The utility model provides a probe module, it includes: a probe assembly and a base assembly; the probe assembly comprises a limiting sliding block and a plurality of probes, the probes are arranged on the base assembly, one ends of the probes, far away from the ends connected with the base assembly, are head ends, and the head ends are free ends; the probe assembly is provided with a reference axis, a plurality of probes are arranged in parallel along the reference axis, and the spacing between the adjacent probes is gradually reduced along the direction towards the head end; the limiting sliding block is provided with a plurality of limiting holes, and the limiting sliding block is movably sleeved on the probes through the limiting holes, wherein each limiting hole corresponds to one probe; when the limiting sliding block moves along the reference axis, the distance between the head ends of the adjacent probes is driven to change. Due to the configuration, the probe assembly can meet the test requirements of devices with different pad pitches, a plurality of probe assemblies do not need to be purchased, and the production cost is reduced.

Description

Probe module

Technical Field

The utility model belongs to the technical field of the semiconductor equipment and specifically relates to a probe module.

Background

The probe assembly is an important test tool for wafer-level reliability test, and has the functions of realizing the transmission of electric signals between a test instrument and a wafer device to be tested, and completing the measurement of relevant electric parameters by contacting the probe with a metal welding pad of the device to be tested on the wafer and matching with the test instrument and test software. Therefore, the pitch between adjacent probes needs to match the pitch of the metal pads in the wafer dut.
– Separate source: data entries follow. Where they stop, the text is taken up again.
lemma v_l_le_v_u:
  assumes "0 < l m" "u m' < 1"
  shows "v m (l m) \<le> v m' (u m')"
proof -
  have le_above: "v m (l m) \<le> v m' b" if b: "b \<in> {u m'<..1}" for b
  proof (rule continuous_le_on_closure[where S = "{0..<l m}" and f = "v m" and x = "l m"])
    show "continuous_on (closure {0..<l m}) (v m)"
      using assms(1) l_in_unit[of m] by (auto intro: continuous_on_subset[OF continuous_on_v])
    show "l m \<in> closure {0..<l m}"
      using assms(1) by simp
  qed (rule v_below_l_le_v_above_u[OF _ b])
  show ?thesis
  proof (rule continuous_ge_on_closure[where S = "{u m'<..1}" and f = "v m'" and x = "u m'"])
    show "continuous_on (closure {u m'<..1}) (v m')"
      using assms(2) u_in_unit[of m'] by (auto intro: continuous_on_subset[OF continuous_on_v])
    show "u m' \<in> closure {u m'<..1}"
      using assms(2) by simp
  qed (rule le_above)
qed

lemma l_pos_if_slack:
  assumes "(\<Sum>m\<in>UNIV. upper_mass m (t_opt $ m)) < q"
  obtains m where "0 < l m"
proof -
  have "(\<Sum>m\<in>UNIV. upper_mass m 0) = 1"
    using state weighted_integral_atLeast(1)[OF f_integrable, of 0] unfolding is_state_def upper_mass_def by simp
  then have "\<exists>m. upper_mass m (t_opt $ m) \<noteq> upper_mass m 0"
    using assms q by (auto intro: ccontr)
  then obtain m where "upper_mass m (t_opt $ m) \<noteq> upper_mass m 0" ..
  then have "0 < l m"
    using upper_mass_eq_t_opt_iff[of 0 m] l_in_unit[of m] l_le_u[of m] by force
  then show ?thesis ..
qed

lemma budget_binding: "(\<Sum>m\<in>UNIV. upper_mass m (t_opt $ m)) = q"
proof (rule ccontr)
  assume "(\<Sum>m\<in>UNIV. upper_mass m (t_opt $ m)) \<noteq> q"
  then have slack: "(\<Sum>m\<in>UNIV. upper_mass m (t_opt $ m)) < q"
    using upper_mass_t_opt_le by simp
  then obtain m where "0 < l m"
    by (rule l_pos_if_slack)
  define a where "a = l m / 2"
  have a: "a \<in> {0<..<l m}"
    using \<open>0 < l m\<close> unfolding a_def by simp
  define P where "P = weighted_integral (f m) (indicator {a..<l m})"
  have "0 < P"
    unfolding P_def using mass_below_l_pos a by simp
  define \<alpha> where "\<alpha> = min 1 ((q - (\<Sum>m\<in>UNIV. upper_mass m (t_opt $ m))) / P)"
  have \<alpha>: "0 < \<alpha>" "\<alpha> \<le> 1"
    using \<open>0 < P\<close> slack unfolding \<alpha>_def by auto
  have "\<alpha> * P \<le> (q - (\<Sum>m\<in>UNIV. upper_mass m (t_opt $ m))) / P * P"
    using \<open>0 < P\<close> unfolding \<alpha>_def by (intro mult_right_mono) auto
  then have "\<alpha> * P \<le> q - (\<Sum>m\<in>UNIV. upper_mass m (t_opt $ m))"
    using \<open>0 < P\<close> by simp
  then have "\<alpha> * weighted_integral (\<lambda>s. v m s * f m s) (indicator {a..<l m}) \<le>
      0 * weighted_integral (\<lambda>s. v m s * f m s) (indicator {t_opt $ m..<t_opt $ m})"
    using \<alpha> l_le_t_opt by (intro shift_mass) (auto simp: P_def[symmetric])
  moreover have "0 < \<alpha> * (v m a * P)"
    using \<alpha> \<open>0 < P\<close> v_pos[of a m] a l_in_unit[of m] by simp
  moreover have "\<alpha> * (v m a * P) \<le> \<alpha> * weighted_integral (\<lambda>s. v m s * f m s) (indicator {a..<l m})"
    using value_interval_ge[of a m "l m"] a l_in_unit[of m] \<alpha> unfolding P_def
    by (intro mult_left_mono) auto
  ultimately show False
    by simp
qed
The probe spacing of the existing probe assembly is fixedly set, and needs to be customized with the relevant probe assembly manufacturer, and the corresponding probe assembly needs to be replaced for the device to be tested with different metal pad spacing. In addition, the existing wafer level test products have various types, and different device structures can have different metal pad pitches, so that corresponding probe assemblies are respectively arranged to meet the test requirements, and the production cost is increased.

SUMMERY OF THE UTILITY MODEL

An object of the utility model is to provide a probe module to the probe interval that solves current probe subassembly is fixed setting, needs the problem of the test demand of multiple probe subassembly in order to satisfy the device under test of different weld pad intervals.
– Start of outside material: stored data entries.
(* Let $d\ge2$ be even, $\mathcal I_d=\{-\tfrac d2,\ldots,\tfrac d2-1\}$, $\mathcal H_d$ with orthonormal basis $\{|j\rangle\}_{j\in\mathcal I_d}$, and $\mathcal R=G\circ\tilde G\circ G$ as defined in the context. Let $X\in\mathcal K$, written $X=\sum X^{i'j'}_{ij}|ij\rangle\langle i'j'|$. For every integer $\ell\ge1$, $\mathcal R^\ell(X)=\sum_{u\ne0}\xi^{(\ell)}_u\sum_a|a,a+u\rangle\langle a,a+u|+\sum_{u\ne0}\lambda^{(\ell)}_u\sum_a|a,a+u\rangle\langle a+u,a|+\eta^{(\ell)}\sum_a|aa\rangle\langle aa|$, where $u$ ranges over $\mathcal I_d\setminus\{0\}$, $a,i$ over $\mathcal I_d$, index additions are modulo $d$ in $\mathcal I_d$, and $\xi^{(\ell)}_u=\frac{\sum_iX^{i,i+u}_{i,i+u}}{d^{\ell+1}}+\frac{\sum_iX^{ii}_{ii}}{d^{\ell+1}}\cdot\frac{1-d^{-\ell}}{d-1}$, $\lambda^{(\ell)}_u=\frac{\sum_iX^{i+u,i}_{i,i+u}}{d^{\ell+1}}+\frac{\sum_iX^{ii}_{ii}}{d^{\ell+1}}\cdot\frac{1-d^{-\ell}}{d-1}$, $\eta^{(\ell)}=\frac{\sum_iX^{ii}_{ii}}{d^{2\ell+1}}$.
   Context: $|ij\rangle=|i\rangle\otimes|j\rangle$; $\omega^x=e^{2\pi ix/d}$ for real $x$; $\hat Q=\sum_j j|j\rangle\langle j|$; $\widetilde{|k\rangle}=d^{-1/2}\sum_j\omega^{kj}|j\rangle$; $\hat P=\sum_k k\widetilde{|k\rangle}\widetilde{\langle k|}$; $V_{\alpha\beta}=\omega^{\alpha\hat Q+\beta\hat Q^2}$, $\tilde V_{\alpha\beta}=\omega^{\alpha\hat P+\beta\hat P^2}$; $G(X)=\mathbb E_{\alpha\beta}V_{\alpha\beta}^{\otimes2}X(V_{\alpha\beta}^\dagger)^{\otimes2}$, $\tilde G(X)=\mathbb E_{\alpha\beta}\tilde V_{\alpha\beta}^{\otimes2}X(\tilde V_{\alpha\beta}^\dagger)^{\otimes2}$ with $\alpha,\beta$ independent uniform on $[0,d)$. $I=\sum_{ab}|ab\rangle\langle ab|$, $F=\sum_{ab}|ab\rangle\langle ba|$; $\mathcal K$ is the orthogonal complement of $\mathrm{span}\{I,F\}$ in $\mathcal L(\mathcal H_d\otimes\mathcal H_d)$ with respect to the Hilbert–Schmidt inner product $\langle X,Y\rangle=\mathrm{Tr}X^\dagger Y$. *)

theory Defs
  imports "HOL-Analysis.Analysis" "HOL-Library.Function_Algebras"
begin

definition Idx :: "nat \<Rightarrow> int set" where
  "Idx d = {- (int d div 2) ..< int d div 2}"

definition wrap :: "nat \<Rightarrow> int \<Rightarrow> int" where
  "wrap d x = ((x + int d div 2) mod int d) - int d div 2"

definition omega :: "nat \<Rightarrow> real \<Rightarrow> complex" where
  "omega d x = exp (2 * of_real pi * \<i> * of_real x / of_nat d)"

text \<open>Operators on H_d (matrices w.r.t. the basis |j>, j in I_d) and on
  H_d tensor H_d (matrices w.r.t. |ij> = |i> tensor |j>); entry M p q = <p|M|q>.
  Only entries with indices in I_d are meaningful.\<close>
type_synonym op1 = "int \<Rightarrow> int \<Rightarrow> complex"
type_synonym op2 = "int \<times> int \<Rightarrow> int \<times> int \<Rightarrow> complex"

definition Idx2 :: "nat \<Rightarrow> (int \<times> int) set" where
  "Idx2 d = Idx d \<times> Idx d"

definition mult2 :: "nat \<Rightarrow> op2 \<Rightarrow> op2 \<Rightarrow> op2" where
  "mult2 d A B = (\<lambda>p q. \<Sum>r\<in>Idx2 d. A p r * B r q)"

definition adj2 :: "op2 \<Rightarrow> op2" where
  "adj2 A = (\<lambda>p q. cnj (A q p))"

definition tensor :: "op1 \<Rightarrow> op1 \<Rightarrow> op2" where
  "tensor A B = (\<lambda>(i, j) (i', j'). A i i' * B j j')"

definition smul2 :: "complex \<Rightarrow> op2 \<Rightarrow> op2" where
  "smul2 c A = (\<lambda>p q. c * A p q)"

definition ketbra2 :: "int \<times> int \<Rightarrow> int \<times> int \<Rightarrow> op2" where
  "ketbra2 p q = (\<lambda>p' q'. if p' = p \<and> q' = q then 1 else 0)"

definition hs_inner :: "nat \<Rightarrow> op2 \<Rightarrow> op2 \<Rightarrow> complex" where
  "hs_inner d A B = (\<Sum>p\<in>Idx2 d. \<Sum>q\<in>Idx2 d. cnj (A q p) * B q p)"

definition Iop :: op2 where
  "Iop = (\<lambda>p q. if p = q then 1 else 0)"

definition Fop :: op2 where
  "Fop = (\<lambda>(a, b) q. if q = (b, a) then 1 else 0)"

definition Kspace :: "nat \<Rightarrow> op2 set" where
  "Kspace d = {X. hs_inner d Iop X = 0 \<and> hs_inner d Fop X = 0}"

text \<open>Fourier vector |k~> = d^(-1/2) sum_j omega^(kj) |j>, as a coordinate function.\<close>
definition fvec :: "nat \<Rightarrow> int \<Rightarrow> int \<Rightarrow> complex" where
  "fvec d k j = omega d (of_int (k * j)) / of_real (sqrt (real d))"

text \<open>V_{ab} = omega^(a Q + b Q^2) = sum_j omega^(a j + b j^2) |j><j|
  (function of the diagonal operator Q).\<close>
definition Vop :: "nat \<Rightarrow> real \<Rightarrow> real \<Rightarrow> op1" where
  "Vop d a b = (\<lambda>j j'. if j = j' then omega d (a * of_int j + b * of_int j ^ 2) else 0)"

text \<open>V~_{ab} = omega^(a P + b P^2) = sum_k omega^(a k + b k^2) |k~><k~|
  (spectral decomposition of P = sum_k k |k~><k~|).\<close>
definition Vtop :: "nat \<Rightarrow> real \<Rightarrow> real \<Rightarrow> op1" where
  "Vtop d a b = (\<lambda>j j'. \<Sum>k\<in>Idx d.
      omega d (a * of_int k + b * of_int k ^ 2) * fvec d k j * cnj (fvec d k j'))"

definition unif2 :: "nat \<Rightarrow> (real \<times> real) measure" where
  "unif2 d = uniform_measure lborel ({0..<real d} \<times> {0..<real d})"

definition twirl :: "nat \<Rightarrow> (real \<Rightarrow> real \<Rightarrow> op1) \<Rightarrow> op2 \<Rightarrow> op2" where
  "twirl d W X = (\<lambda>p q. \<integral>ab. (let U = tensor (W (fst ab) (snd ab)) (W (fst ab) (snd ab))
                                  in mult2 d (mult2 d U X) (adj2 U)) p q \<partial>unif2 d)"

definition Gmap :: "nat \<Rightarrow> op2 \<Rightarrow> op2" where
  "Gmap d = twirl d (Vop d)"

definition Gtmap :: "nat \<Rightarrow> op2 \<Rightarrow> op2" where
  "Gtmap d = twirl d (Vtop d)"

definition Rmap :: "nat \<Rightarrow> op2 \<Rightarrow> op2" where
  "Rmap d = Gmap d \<circ> Gtmap d \<circ> Gmap d"

end

theory Submission
  imports Defs
begin

(* If W a b = omega^(a A + b A^2) with A = sum_k k |e_k><e_k|, then averaging
   (W a b (x) W a b) X (W a b (x) W a b)^dagger over (a, b) in [0, d)^2 keeps exactly those
   matrix elements of X in the basis e_k (x) e_l whose row and column indices have the same sum
   and the same sum of squares, i.e. coincide up to swapping the two tensor factors. Hence G keeps
   the entries X(p, p) and X(p, swap p), and G~ does the same in the Fourier basis, where character
   sums turn it into an explicit kernel in the computational basis. Consequently R maps every X
   orthogonal to I and F to an operator of the form
     sum_u xi_u sum_a |a, a+u><a, a+u| + sum_u la_u sum_a |a, a+u><a+u, a| + eta sum_a |aa><aa|
   with coefficients given by the shifted diagonal sums of X. Such operators are again orthogonal
   to I and F, and R acts on their coefficients by xi -> xi/d + eta/d^2, la -> la/d + eta/d^2,
   eta -> eta/d^2; solving this recursion gives the closed form. *)

section \<open>Roots of unity and the index set\<close>

lemma omega_add: "omega d (x + y) = omega d x * omega d y"
  unfolding omega_def by (simp add: distrib_left distrib_right add_divide_distrib exp_add)

lemma omega_0 [simp]: "omega d 0 = 1"
  unfolding omega_def by simp

lemma norm_omega [simp]: "norm (omega d x) = 1"
  unfolding omega_def by (simp add: norm_exp_eq_Re)

lemma cnj_omega: "cnj (omega d x) = omega d (- x)"
  unfolding omega_def by (simp add: exp_cnj)

lemma omega_of_int_eq_1_iff:
  assumes "0 < d"
  shows "omega d (of_int c) = 1 \<longleftrightarrow> int d dvd c"
proof -
  have "omega d (of_int c) = exp (\<i> * complex_of_real (2 * pi * of_int c / real d))"
    unfolding omega_def by (simp add: field_simps)
  also have "\<dots> = 1 \<longleftrightarrow> (\<exists>n::int. 2 * pi * of_int c / real d = 2 * pi * of_int n)"
    by (simp add: exp_eq_1 mult_ac)
  also have "\<dots> \<longleftrightarrow> (\<exists>n::int. of_int c = real d * of_int n)"
    using assms by (auto simp: field_simps)
  also have "\<dots> \<longleftrightarrow> int d dvd c"
    by (metis (mono_tags, opaque_lifting) dvd_def of_int_eq_iff of_int_mult of_int_of_nat_eq)
  finally show ?thesis .
qed

lemma omega_of_int_mod_cong:
  assumes "0 < d" and "x mod int d = y mod int d"
  shows "omega d (of_int (x * c)) = omega d (of_int (y * c))"
proof -
  obtain k where "x = y + int d * k"
    using assms(2) by (metis mod_eqE dvd_def add.commute diff_add_cancel)
  then have "omega d (of_int (x * c)) = omega d (of_int (y * c)) * omega d (of_int (int d * (k * c)))"
    by (simp add: algebra_simps flip: omega_add)
  moreover have "omega d (of_int (int d * (k * c))) = 1"
    by (simp only: omega_of_int_eq_1_iff[OF assms(1)] dvd_triv_left)
  ultimately show ?thesis
    by simp
qed

lemma finite_Idx [simp]: "finite (Idx d)"
  unfolding Idx_def by simp

lemma finite_Idx2 [simp]: "finite (Idx2 d)"
  unfolding Idx2_def by simp

lemma sum_Idx2: "(\<Sum>k\<in>Idx2 d. f k) = (\<Sum>i\<in>Idx d. \<Sum>j\<in>Idx d. f (i, j))"
  unfolding Idx2_def by (simp add: sum.cartesian_product)

lemma mem_Idx2_iff: "p \<in> Idx2 d \<longleftrightarrow> fst p \<in> Idx d \<and> snd p \<in> Idx d"
  unfolding Idx2_def by (simp add: mem_Times_iff)

lemma swap_mem_Idx2 [simp]: "prod.swap p \<in> Idx2 d \<longleftrightarrow> p \<in> Idx2 d"
  unfolding mem_Idx2_iff by auto

lemma wrap_mod: "wrap d x mod int d = x mod int d"
  unfolding wrap_def by (simp add: mod_diff_left_eq mod_add_left_eq)

lemma wrap_eq_iff: "wrap d x = wrap d y \<longleftrightarrow> x mod int d = y mod int d"
  by (metis wrap_def wrap_mod mod_add_left_eq)

lemma wrap_add_wrap: "wrap d (i + wrap d c) = wrap d (i + c)"
proof -
  have "(i + wrap d c) mod int d = (i + c) mod int d"
    by (metis mod_add_right_eq wrap_mod)
  then show ?thesis
    by (simp add: wrap_eq_iff)
qed

lemma sum_fun_apply: "(\<Sum>a\<in>A. F a) x = (\<Sum>a\<in>A. F a x)"
  by (induction A rule: infinite_finite_induct) simp_all

lemma of_bool_mult_eq_if: "of_bool P * (x :: 'a :: semiring_1) = (if P then x else 0)"
  by (cases P) simp_all

definition dot2 :: "int \<times> int \<Rightarrow> int \<times> int \<Rightarrow> int" where
  "dot2 k v = fst k * fst v + snd k * snd v"

definition dvd2 :: "int \<Rightarrow> int \<times> int \<Rightarrow> bool" where
  "dvd2 n v \<longleftrightarrow> n dvd fst v \<and> n dvd snd v"

section \<open>Averaging over the phases\<close>

lemma has_integral_omega_interval:
  assumes "0 < d"
  shows "((\<lambda>x. omega d (x * of_int m)) has_integral (if m = 0 then of_nat d else 0)) {0..<real d}"
proof -
  have "((\<lambda>x. omega d (x * of_int m)) has_integral (if m = 0 then of_nat d else 0)) {0..real d}"
  proof (cases "m = 0")
    case True
    then show ?thesis
      using has_integral_const_real[of "1::complex" 0 "real d"] by (simp add: scaleR_conv_of_real)
  next
    case False
    define c where "c = 2 * of_real pi * \<i> * of_int m / (of_nat d :: complex)"
    have "c \<noteq> 0"
      using False assms by (simp add: c_def)
    have omega_eq: "omega d (x * of_int m) = exp (of_real x * c)" for x
      unfolding omega_def c_def by (simp add: field_simps)
    have antiderivative:
      "((\<lambda>x. exp (of_real x * c) / c) has_vector_derivative exp (of_real x * c)) (at x within {0..real d})"
      for x
    proof -
      have "((\<lambda>z. exp (z * c) / c) has_field_derivative exp (of_real x * c)) (at (of_real x))"
        using \<open>c \<noteq> 0\<close> by (auto intro!: derivative_eq_intros)
      then show ?thesis
        by (rule has_vector_derivative_real_field)
    qed
    have "((\<lambda>x. exp (of_real x * c)) has_integral (exp (of_real (real d) * c) / c - exp (of_real 0 * c) / c))
        {0..real d}"
      by (rule fundamental_theorem_of_calculus) (auto intro: antiderivative)
    moreover have "exp (of_real (real d) * c) = 1"
      using assms by (simp add: c_def exp_eq_1)
    ultimately show ?thesis
      using False by (simp add: omega_eq)
  qed
  then show ?thesis
    by (subst has_integral_spike_set_eq[where T = "{0..real d}"])
      (auto intro: negligible_subset[OF negligible_sing[of "real d"]])
qed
In order to achieve the above object, the present invention provides a probe module, including: a probe assembly and a base assembly;

the probe assembly comprises a limiting sliding block and a plurality of probes, the probes are arranged on the base assembly, one ends of the probes, far away from the ends connected with the base assembly, are head ends, and the head ends are free ends;

the probe assembly is provided with a reference axis, a plurality of probes are arranged in parallel along the reference axis, and the spacing between the adjacent probes is gradually reduced along the direction towards the head end;

the limiting sliding block is provided with a plurality of limiting holes, and the limiting sliding block is movably sleeved on the probes through the limiting holes, wherein each limiting hole corresponds to one probe; when the limiting sliding block moves along the reference axis, the distance between the head ends of the adjacent probes is driven to change.

Optionally, the base assembly includes a snap ring, the probe assembly further includes a fixing member, and the probe is connected to the snap ring through the fixing member.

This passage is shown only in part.